Lab Sections take place in special “Collaborate Classrooms” which are equipped with laptops. There are only a fixed number of seats and laptops in these classrooms, meaning we cannot under any circumstance over-enroll sections. Therefore, if you want to switch section unofficially (we do not have the ability to switch your official enrollment through GOLD), please follow the steps at this link. Any requests to switch sections that do not adhere to the guidelines posted at that link will be ignored.

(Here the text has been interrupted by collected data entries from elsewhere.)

text \<open>Each cell contains at most as many lattice points as P has interior lattice points:
  subtracting the point q with the largest coordinate sum maps the cell into the interior.\<close>

lemma card_cell_le:
  assumes "finite D" and "D \<subseteq> lattice_pts" and "\<And>p. p \<in> D \<Longrightarrow> cell p = c"
  shows "card D \<le> card interior_points"
proof (cases "D = {}")
  case False
  define f where "f p = (\<Sum>i\<in>{1..n}. coord p i)" for p
  have "Max (f ` D) \<in> f ` D"
    using assms(1) False by (intro Max_in) auto
  then obtain q where q: "q \<in> D" and fq: "f q = Max (f ` D)"
    by (metis imageE)
  have q_max: "f p \<le> f q" if "p \<in> D" for p
    unfolding fq using assms(1) that by (intro Max_ge) auto
  have "(\<lambda>p. p - q) ` D \<subseteq> interior_points"
  proof
    fix z assume "z \<in> (\<lambda>p. p - q) ` D"
    then obtain p where p: "p \<in> D" and z: "z = p - q"
      by blast
    have "- u i < coord z i" if i: "i \<in> {1..n}" for i
    proof -
      have "cell p i = cell q i"
        using assms(3)[OF p] assms(3)[OF q] by simp
      then have "\<lceil>coord p i / u i\<rceil> = \<lceil>coord q i / u i\<rceil>"
        using i by (simp add: cell_def)
      then have "coord p i - coord q i > - u i"
        using u_pos i by (intro same_ceiling_diff) auto
      then show ?thesis
        unfolding z coord_diff .
    qed
    moreover have "(\<Sum>i\<in>{1..n}. coord z i) < u 0"
    proof -
      have "(\<Sum>i\<in>{1..n}. coord z i) = f p - f q"
        by (simp add: z f_def coord_diff sum_subtractf)
      then show ?thesis
        using q_max[OF p] u_pos[of 0] by simp
    qed
    ultimately have "z \<in> interior (convex hull (rho ` {0..n}))"
      by (rule in_interior_by_coords)
    moreover have "z \<in> lattice_pts"
      using assms(2) p q by (auto simp: z intro: lattice_diff)
    ultimately show "z \<in> interior_points"
      by blast
  qed
  moreover have "inj_on (\<lambda>p. p - q) D"
    by (rule inj_onI) simp
  ultimately show ?thesis
    using card_inj_on_le finite_interior_points by blast
qed simp
lemma W_fixes_fundamental_domain:
  assumes y: "y \<in> {f x0..x0}"
  shows "W y = y"
proof (rule ccontr)
  assume "W y \<noteq> y"
  obtain c where c: "c > 0"
    "\<And>m u v. u \<in> {f x0..x0} \<Longrightarrow> v \<in> {f x0..x0} \<Longrightarrow> u \<le> v \<Longrightarrow>
       c * (v - u) \<le> (W ^^ m) v - (W ^^ m) u"
    using W_funpow_expanding by blast
  have Wy: "W y \<in> {f x0..x0}" using W_funpow_fundamental_domain[OF y, of 1] by simp
  have orbit: "(W ^^ m) y \<in> {f x0..x0}" for m using W_funpow_fundamental_domain[OF y] .
  have shift: "(W ^^ Suc m) y = (W ^^ m) (W y)" for m by (simp add: funpow_swap1)
  consider "y < W y" | "W y < y" using \<open>W y \<noteq> y\<close> by linarith
  then show False
  proof cases
    case 1
    have incr: "(W ^^ m) y + c * (W y - y) \<le> (W ^^ Suc m) y" for m
      using c(2)[OF y Wy, of m] 1 shift by simp
    have "c * (W y - y) > 0" using 1 c(1) by simp
    then obtain m where "(W ^^ m) y > x0"
      by (rule uniform_increments_unbounded[of "\<lambda>m. (W ^^ m) y", OF incr])
    then show False using orbit[of m] by simp
  next
    case 2
    have incr: "- (W ^^ m) y + c * (y - W y) \<le> - (W ^^ Suc m) y" for m
      using c(2)[OF Wy y, of m] 2 shift by simp
    have "c * (y - W y) > 0" using 2 c(1) by simp
    then obtain m where "- (W ^^ m) y > - f x0"
      by (rule uniform_increments_unbounded[of "\<lambda>m. - (W ^^ m) y", OF incr])
    then show False using orbit[of m] by simp
  qed
qed

lemma W_fixes_below:
  assumes "a < y" "y \<le> x0"
  shows "W y = y"
proof -
  have "\<forall>\<^sub>F n in sequentially. (f ^^ n) x0 < y"
    using order_tendstoD(2)[OF orbit_tendsto[OF a_less_x0 order_refl] \<open>a < y\<close>] .
  then obtain n where "(f ^^ n) x0 < y"
    by (meson eventually_sequentially order_refl)
  moreover have "\<not> (f ^^ 0) x0 < y" using assms(2) by simp
  ultimately obtain k where k: "\<not> (f ^^ k) x0 < y" "(f ^^ Suc k) x0 < y"
    using ex_least_nat_less[of "\<lambda>n. (f ^^ n) x0 < y"] by blast
  let ?z = "(f ^^ k) x0"
  have z: "a < ?z" "?z \<le> x0"
    using orbit_bounds[OF a_less_x0 order_refl] by auto
  interpret z: kopell_setup f f' f'' W W' a ?z
    using f_deriv f'_deriv f''_cont f'_pos W_deriv W'_cont W'_pos commute f_a W_fixes_orbit
      below_diagonal z
    by unfold_locales auto
  show ?thesis using z.W_fixes_fundamental_domain k by simp
qed

end

text \<open>The backward f-orbit of z increases to b and is fixed by W, so every y in (a, b) lies
  in a basin (a, z'] with W z' = z'.\<close>

lemma kopell_below_diagonal:
  assumes f: "C2_plus f" "surj f" and W: "C1_plus W" and commute: "\<And>t. f (W t) = W (f t)"
    and "f a = a" "f b = b" and below: "\<And>x. a < x \<Longrightarrow> x < b \<Longrightarrow> f x < x"
    and z: "a < z" "z < b" "W z = z" and y: "a < y" "y < b"
  shows "W y = y"
proof -
  obtain f' f'' where f': "\<And>t. (f has_real_derivative f' t) (at t)"
    "\<And>t. (f' has_real_derivative f'' t) (at t)" "continuous_on UNIV f''" "\<And>t. f' t > 0"
    using f(1) unfolding C2_plus_def by blast
  obtain W' where W': "\<And>t. (W has_real_derivative W' t) (at t)" "continuous_on UNIV W'" "\<And>t. W' t > 0"
    using W unfolding C1_plus_def by blast
  let ?g = "inv_into UNIV f"
  have f_mono: "strict_mono f" using C1_plus_strict_mono[OF C2_plus_imp_C1_plus[OF f(1)]] .
  have f_g: "f (?g x) = x" for x using f(2) by (simp add: surj_f_inv_f)
  have f_inj: "f u = f v \<longleftrightarrow> u = v" for u v using strict_mono_eq[OF f_mono] .
  have g: "C1_plus ?g"
    using C1_plus_inv[OF C2_plus_imp_C1_plus[OF f(1)]] f(2) strict_mono_imp_inj_on[OF f_mono]
    by (simp add: bij_def)
  have "?g b = b" using f_inj[of "?g b" b] f_g[of b] \<open>f b = b\<close> by simp
  moreover have "x < ?g x" if "z \<le> x" "x < b" for x
    using below[of x] f_g[of x] strict_mono_less[OF f_mono, of x "?g x"] that z by simp
  ultimately have "(\<lambda>n. (?g ^^ n) z) \<longlonglongrightarrow> b" and g_orbit: "z \<le> (?g ^^ n) z \<and> (?g ^^ n) z < b" for n
    using increasing_orbit[OF C1_plus_strict_mono[OF g] C1_plus_isCont[OF g], of b z z] z by auto
  then obtain n where n: "y < (?g ^^ n) z"
    using order_tendstoD(1)[of _ b sequentially y] y(2) by (meson eventually_sequentially order_refl)
  have "W (?g t) = ?g (W t)" for t
    using commute[of "?g t"] f_g[of t] f_g[of "W t"] f_inj[of "W (?g t)" "?g (W t)"] by simp
  then have W_fixed: "W ((?g ^^ n) z) = (?g ^^ n) z"
    using funpow_commute[of ?g W n 1 z] z(3) by simp
  interpret kopell_setup f f' f'' W W' a "(?g ^^ n) z"
  proof
    show "a < (?g ^^ n) z" using g_orbit[of n] z(1) by linarith
    show "f x < x" if "a < x" "x \<le> (?g ^^ n) z" for x
      using below that g_orbit[of n] by simp
  qed (use f' W' commute \<open>f a = a\<close> W_fixed in auto)
  show ?thesis using W_fixes_below y n by simp
qed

Disabled Students Program (DSP)

If you have a disability, or otherwise require accommodations for the exams and/or quizzes please reach out to the Disabled Students Program (DSP) ASAP to ensure your request(s) for accommodation can be processed. We ask that all requests be logged at least a week in advance, to ensure the system enough time to process. Please note that we cannot grant any requests for accommodations unless they come to us from DSP directly.

Technology Needs

As a part of this course, you will be required to program in R. Though the Lab Sections take place in specially designed classrooms that come equipped with computers, your homework and quizzes may cover R-related questions, which means we expect you to have access to a laptop capable of connecting to the internet. If you do not currently possess such a laptop, please check out UCSB’s Basic Needs Resource page on Technology Resources to try and acquire one.

Disclaimer

The instructor reserves the right to modify this syllabus if he deems such modifications academically advisable. Such modifications, should they occur, will be announced publicly.

Faculty Mentor

The faculty mentor for this course is Dr. Drew Carter. They can be reached at carter@pstat.ucsb.edu. Please note that Dr. Carter will not be able to authorize regrades or accommodations/extensions for the course; for such inquiries, please utilize the communications channels listed above. Thank you!